■ **WHAT IS BEING ASKED**
All entries below are to be set down again exactly as given.
******
lemma Cauchy_if_dominated_by_Cauchy_nets:
  fixes x :: "nat \<Rightarrow> 'a::real_normed_vector" and T :: "'a \<Rightarrow> 'b::real_normed_vector"
    and K :: "('a \<Rightarrow>\<^sub>L real) set"
  assumes "linear T" and M: "\<And>n. norm (x n) \<le> M"
    and dom: "\<And>z c. 0 \<le> c \<Longrightarrow> \<forall>h\<in>K. \<bar>h z\<bar> \<le> c \<Longrightarrow> norm (T z) \<le> c"
    and nets: "\<And>\<delta>. 0 < \<delta> \<Longrightarrow>
      \<exists>F. finite F \<and> K \<subseteq> (\<Union>g\<in>F. ball g \<delta>) \<and> (\<forall>g\<in>F. Cauchy (\<lambda>n. g (x n)))"
  shows "Cauchy (\<lambda>n. T (x n))"
proof (rule metric_CauchyI)
  fix e :: real
  assume "0 < e"
  have "0 \<le> M"
    using M[of 0] norm_ge_zero order_trans by blast
  define \<delta> where "\<delta> = e / (4 * (M + 1))"
  have "0 < \<delta>"
    using \<open>0 < e\<close> \<open>0 \<le> M\<close> by (simp add: \<delta>_def)
  have \<delta>M: "\<delta> * (2 * M) \<le> e / 2"
    using \<open>0 < e\<close> \<open>0 \<le> M\<close> by (simp add: \<delta>_def field_simps)
  obtain F where F: "finite F" "K \<subseteq> (\<Union>g\<in>F. ball g \<delta>)"
    and Cauchy_F: "\<And>g. g \<in> F \<Longrightarrow> Cauchy (\<lambda>n. g (x n))"
    using nets[OF \<open>0 < \<delta>\<close>] by blast
  have "0 < e / 4"
    using \<open>0 < e\<close> by simp
  then obtain N where N: "\<And>g m n. g \<in> F \<Longrightarrow> N \<le> m \<Longrightarrow> N \<le> n \<Longrightarrow> dist (g (x m)) (g (x n)) < e / 4"
    using uniformly_Cauchy_finite_family[of F "\<lambda>(g :: 'a \<Rightarrow>\<^sub>L real) n. g (x n)", OF F(1) Cauchy_F]
    by blast
  show "\<exists>N. \<forall>m\<ge>N. \<forall>n\<ge>N. dist (T (x m)) (T (x n)) < e"
  proof (intro exI allI impI)
    fix m n
    assume "N \<le> m" "N \<le> n"
    define z where "z = x m - x n"
    have "norm z \<le> 2 * M"
      using norm_triangle_ineq4[of "x m" "x n"] M[of m] M[of n] unfolding z_def by linarith
    have "\<bar>h z\<bar> \<le> 3 * e / 4" if h: "h \<in> K" for h
    proof -
      obtain g where "g \<in> F" "dist g h < \<delta>"
        using F(2) h by auto
      have "\<bar>h z\<bar> \<le> \<bar>g z\<bar> + dist g h * norm z"
        by (rule abs_blinfun_le_dist)
      also have "\<dots> \<le> e / 4 + \<delta> * (2 * M)"
      proof (rule add_mono)
        show "\<bar>g z\<bar> \<le> e / 4"
          using N[OF \<open>g \<in> F\<close> \<open>N \<le> m\<close> \<open>N \<le> n\<close>]
          by (simp add: z_def blinfun.diff_right dist_real_def)
        show "dist g h * norm z \<le> \<delta> * (2 * M)"
          using \<open>dist g h < \<delta>\<close> \<open>norm z \<le> 2 * M\<close> \<open>0 < \<delta>\<close> by (intro mult_mono) auto
      qed
      finally show ?thesis
        using \<delta>M by linarith
    qed
    then have "norm (T z) \<le> 3 * e / 4"
      using \<open>0 < e\<close> by (intro dom) auto
    then show "dist (T (x m)) (T (x n)) < e"
      using \<open>0 < e\<close> by (simp add: z_def dist_norm linear_diff[OF \<open>linear T\<close>])
  qed
qed

lemma compact_closure_image_if_dominated:
  fixes K :: "('a::real_normed_vector \<Rightarrow>\<^sub>L real) set" and T :: "'a \<Rightarrow> 'b::banach"
  assumes K: "compact (closure K)" and "linear T" and "bounded S"
    and dom: "\<And>z c. 0 \<le> c \<Longrightarrow> \<forall>h\<in>K. \<bar>h z\<bar> \<le> c \<Longrightarrow> norm (T z) \<le> c"
  shows "compact (closure (T ` S))"
proof (rule compact_closure_image_if_Cauchy_subsequences)
  fix x :: "nat \<Rightarrow> 'a"
  assume "range x \<subseteq> S"
  then obtain M where M: "\<And>n. norm (x n) \<le> M"
    using \<open>bounded S\<close> unfolding bounded_iff by blast
  obtain C where C: "\<And>g. g \<in> closure K \<Longrightarrow> norm g \<le> C"
    using compact_imp_bounded[OF K] unfolding bounded_iff by blast
  have "\<exists>F. finite F \<and> F \<subseteq> closure K \<and> closure K \<subseteq> (\<Union>g\<in>F. ball g (inverse (Suc j)))" for j
    using seq_compact_imp_totally_bounded[OF compact_imp_seq_compact[OF K]] by simp
  then obtain F where F: "\<And>j. finite (F j)" "\<And>j. F j \<subseteq> closure K"
    "\<And>j. closure K \<subseteq> (\<Union>g\<in>F j. ball g (inverse (Suc j)))"
    by metis
  have countable_nets: "countable (\<Union>j. F j)"
    using F(1) by (simp add: countable_finite)
  have bounded_nets: "norm (g (x n)) \<le> C * M" if "g \<in> (\<Union>j. F j)" for n g
  proof -
    have "norm (g (x n)) \<le> norm g * norm (x n)"
      by (rule norm_blinfun)
    also have "\<dots> \<le> C * M"
      using that F(2) C M[of n] by (intro mult_mono) (auto intro: order_trans[OF norm_ge_zero])
    finally show ?thesis .
  qed
  obtain r where r: "strict_mono r"
    and conv: "\<And>g. g \<in> (\<Union>j. F j) \<Longrightarrow> \<exists>l. (\<lambda>n. g (x (r n))) \<longlonglongrightarrow> l"
    using function_convergent_subsequence[of _ "\<lambda>n (g :: 'a \<Rightarrow>\<^sub>L real). g (x n)",
        OF countable_nets bounded_nets]
    by blast
  have "Cauchy (\<lambda>n. T (x (r n)))"
  proof (rule Cauchy_if_dominated_by_Cauchy_nets[OF \<open>linear T\<close> M dom])
    fix \<delta> :: real
    assume "0 < \<delta>"
    obtain j where "inverse (Suc j) < \<delta>"
      using reals_Archimedean[OF \<open>0 < \<delta>\<close>] by blast
    then have "(\<Union>g\<in>F j. ball g (inverse (Suc j))) \<subseteq> (\<Union>g\<in>F j. ball g \<delta>)"
      by (intro UN_mono subset_ball) auto
    with closure_subset F(3)[of j] have "K \<subseteq> (\<Union>g\<in>F j. ball g \<delta>)"
      by (rule order_trans[OF order_trans])
    moreover have "\<forall>g\<in>F j. Cauchy (\<lambda>n. g (x (r n)))"
      using conv by (auto intro: LIMSEQ_imp_Cauchy)
    ultimately show "\<exists>F. finite F \<and> K \<subseteq> (\<Union>g\<in>F. ball g \<delta>) \<and> (\<forall>g\<in>F. Cauchy (\<lambda>n. g (x (r n))))"
      using F(1)[of j] by (intro exI[of _ "F j"]) simp
  qed
  with r show "\<exists>r. strict_mono r \<and> Cauchy (\<lambda>n. T (x (r n)))"
    by blast
qed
******
■ **WRITTEN REPLY**
lemma Cauchy_if_dominated_by_Cauchy_nets:
  fixes x :: "nat \<Rightarrow> 'a::real_normed_vector" and T :: "'a \<Rightarrow> 'b::real_normed_vector"
    and K :: "('a \<Rightarrow>\<^sub>L real) set"
  assumes "linear T" and M: "\<And>n. norm (x n) \<le> M"
    and dom: "\<And>z c. 0 \<le> c \<Longrightarrow> \<forall>h\<in>K. \<bar>h z\<bar> \<le> c \<Longrightarrow> norm (T z) \<le> c"
    and nets: "\<And>\<delta>. 0 < \<delta> \<Longrightarrow>
      \<exists>F. finite F \<and> K \<subseteq> (\<Union>g\<in>F. ball g \<delta>) \<and> (\<forall>g\<in>F. Cauchy (\<lambda>n. g (x n)))"
  shows "Cauchy (\<lambda>n. T (x n))"
proof (rule metric_CauchyI)
  fix e :: real
  assume "0 < e"
  have "0 \<le> M"
    using M[of 0] norm_ge_zero order_trans by blast
  define \<delta> where "\<delta> = e / (4 * (M + 1))"
  have "0 < \<delta>"
    using \<open>0 < e\<close> \<open>0 \<le> M\<close> by (simp add: \<delta>_def)
  have \<delta>M: "\<delta> * (2 * M) \<le> e / 2"
    using \<open>0 < e\<close> \<open>0 \<le> M\<close> by (simp add: \<delta>_def field_simps)
  obtain F where F: "finite F" "K \<subseteq> (\<Union>g\<in>F. ball g \<delta>)"
    and Cauchy_F: "\<And>g. g \<in> F \<Longrightarrow> Cauchy (\<lambda>n. g (x n))"
    using nets[OF \<open>0 < \<delta>\<close>] by blast
  have "0 < e / 4"
    using \<open>0 < e\<close> by simp
  then obtain N where N: "\<And>g m n. g \<in> F \<Longrightarrow> N \<le> m \<Longrightarrow> N \<le> n \<Longrightarrow> dist (g (x m)) (g (x n)) < e / 4"
    using uniformly_Cauchy_finite_family[of F "\<lambda>(g :: 'a \<Rightarrow>\<^sub>L real) n. g (x n)", OF F(1) Cauchy_F]
    by blast
  show "\<exists>N. \<forall>m\<ge>N. \<forall>n\<ge>N. dist (T (x m)) (T (x n)) < e"
  proof (intro exI allI impI)
    fix m n
    assume "N \<le> m" "N \<le> n"
    define z where "z = x m - x n"
    have "norm z \<le> 2 * M"
      using norm_triangle_ineq4[of "x m" "x n"] M[of m] M[of n] unfolding z_def by linarith
    have "\<bar>h z\<bar> \<le> 3 * e / 4" if h: "h \<in> K" for h
    proof -
      obtain g where "g \<in> F" "dist g h < \<delta>"
        using F(2) h by auto
      have "\<bar>h z\<bar> \<le> \<bar>g z\<bar> + dist g h * norm z"
        by (rule abs_blinfun_le_dist)
      also have "\<dots> \<le> e / 4 + \<delta> * (2 * M)"
      proof (rule add_mono)
        show "\<bar>g z\<bar> \<le> e / 4"
          using N[OF \<open>g \<in> F\<close> \<open>N \<le> m\<close> \<open>N \<le> n\<close>]
          by (simp add: z_def blinfun.diff_right dist_real_def)
        show "dist g h * norm z \<le> \<delta> * (2 * M)"
          using \<open>dist g h < \<delta>\<close> \<open>norm z \<le> 2 * M\<close> \<open>0 < \<delta>\<close> by (intro mult_mono) auto
      qed
      finally show ?thesis
        using \<delta>M by linarith
    qed
    then have "norm (T z) \<le> 3 * e / 4"
      using \<open>0 < e\<close> by (intro dom) auto
    then show "dist (T (x m)) (T (x n)) < e"
      using \<open>0 < e\<close> by (simp add: z_def dist_norm linear_diff[OF \<open>linear T\<close>])
  qed
qed

lemma compact_closure_image_if_dominated:
  fixes K :: "('a::real_normed_vector \<Rightarrow>\<^sub>L real) set" and T :: "'a \<Rightarrow> 'b::banach"
  assumes K: "compact (closure K)" and "linear T" and "bounded S"
    and dom: "\<And>z c. 0 \<le> c \<Longrightarrow> \<forall>h\<in>K. \<bar>h z\<bar> \<le> c \<Longrightarrow> norm (T z) \<le> c"
  shows "compact (closure (T ` S))"
proof (rule compact_closure_image_if_Cauchy_subsequences)
  fix x :: "nat \<Rightarrow> 'a"
  assume "range x \<subseteq> S"
  then obtain M where M: "\<And>n. norm (x n) \<le> M"
    using \<open>bounded S\<close> unfolding bounded_iff by blast
  obtain C where C: "\<And>g. g \<in> closure K \<Longrightarrow> norm g \<le> C"
    using compact_imp_bounded[OF K] unfolding bounded_iff by blast
  have "\<exists>F. finite F \<and> F \<subseteq> closure K \<and> closure K \<subseteq> (\<Union>g\<in>F. ball g (inverse (Suc j)))" for j
    using seq_compact_imp_totally_bounded[OF compact_imp_seq_compact[OF K]] by simp
  then obtain F where F: "\<And>j. finite (F j)" "\<And>j. F j \<subseteq> closure K"
    "\<And>j. closure K \<subseteq> (\<Union>g\<in>F j. ball g (inverse (Suc j)))"
    by metis
  have countable_nets: "countable (\<Union>j. F j)"
    using F(1) by (simp add: countable_finite)
  have bounded_nets: "norm (g (x n)) \<le> C * M" if "g \<in> (\<Union>j. F j)" for n g
  proof -
    have "norm (g (x n)) \<le> norm g * norm (x n)"
      by (rule norm_blinfun)
    also have "\<dots> \<le> C * M"
      using that F(2) C M[of n] by (intro mult_mono) (auto intro: order_trans[OF norm_ge_zero])
    finally show ?thesis .
  qed
  obtain r where r: "strict_mono r"
    and conv: "\<And>g. g \<in> (\<Union>j. F j) \<Longrightarrow> \<exists>l. (\<lambda>n. g (x (r n))) \<longlonglongrightarrow> l"
    using function_convergent_subsequence[of _ "\<lambda>n (g :: 'a \<Rightarrow>\<^sub>L real). g (x n)",
        OF countable_nets bounded_nets]
    by blast
  have "Cauchy (\<lambda>n. T (x (r n)))"
  proof (rule Cauchy_if_dominated_by_Cauchy_nets[OF \<open>linear T\<close> M dom])
    fix \<delta> :: real
    assume "0 < \<delta>"
    obtain j where "inverse (Suc j) < \<delta>"
      using reals_Archimedean[OF \<open>0 < \<delta>\<close>] by blast
    then have "(\<Union>g\<in>F j. ball g (inverse (Suc j))) \<subseteq> (\<Union>g\<in>F j. ball g \<delta>)"
      by (intro UN_mono subset_ball) auto
    with closure_subset F(3)[of j] have "K \<subseteq> (\<Union>g\<in>F j. ball g \<delta>)"
      by (rule order_trans[OF order_trans])
    moreover have "\<forall>g\<in>F j. Cauchy (\<lambda>n. g (x (r n)))"
      using conv by (auto intro: LIMSEQ_imp_Cauchy)
    ultimately show "\<exists>F. finite F \<and> K \<subseteq> (\<Union>g\<in>F. ball g \<delta>) \<and> (\<forall>g\<in>F. Cauchy (\<lambda>n. g (x (r n))))"
      using F(1)[of j] by (intro exI[of _ "F j"]) simp
  qed
  with r show "\<exists>r. strict_mono r \<and> Cauchy (\<lambda>n. T (x (r n)))"
    by blast
qed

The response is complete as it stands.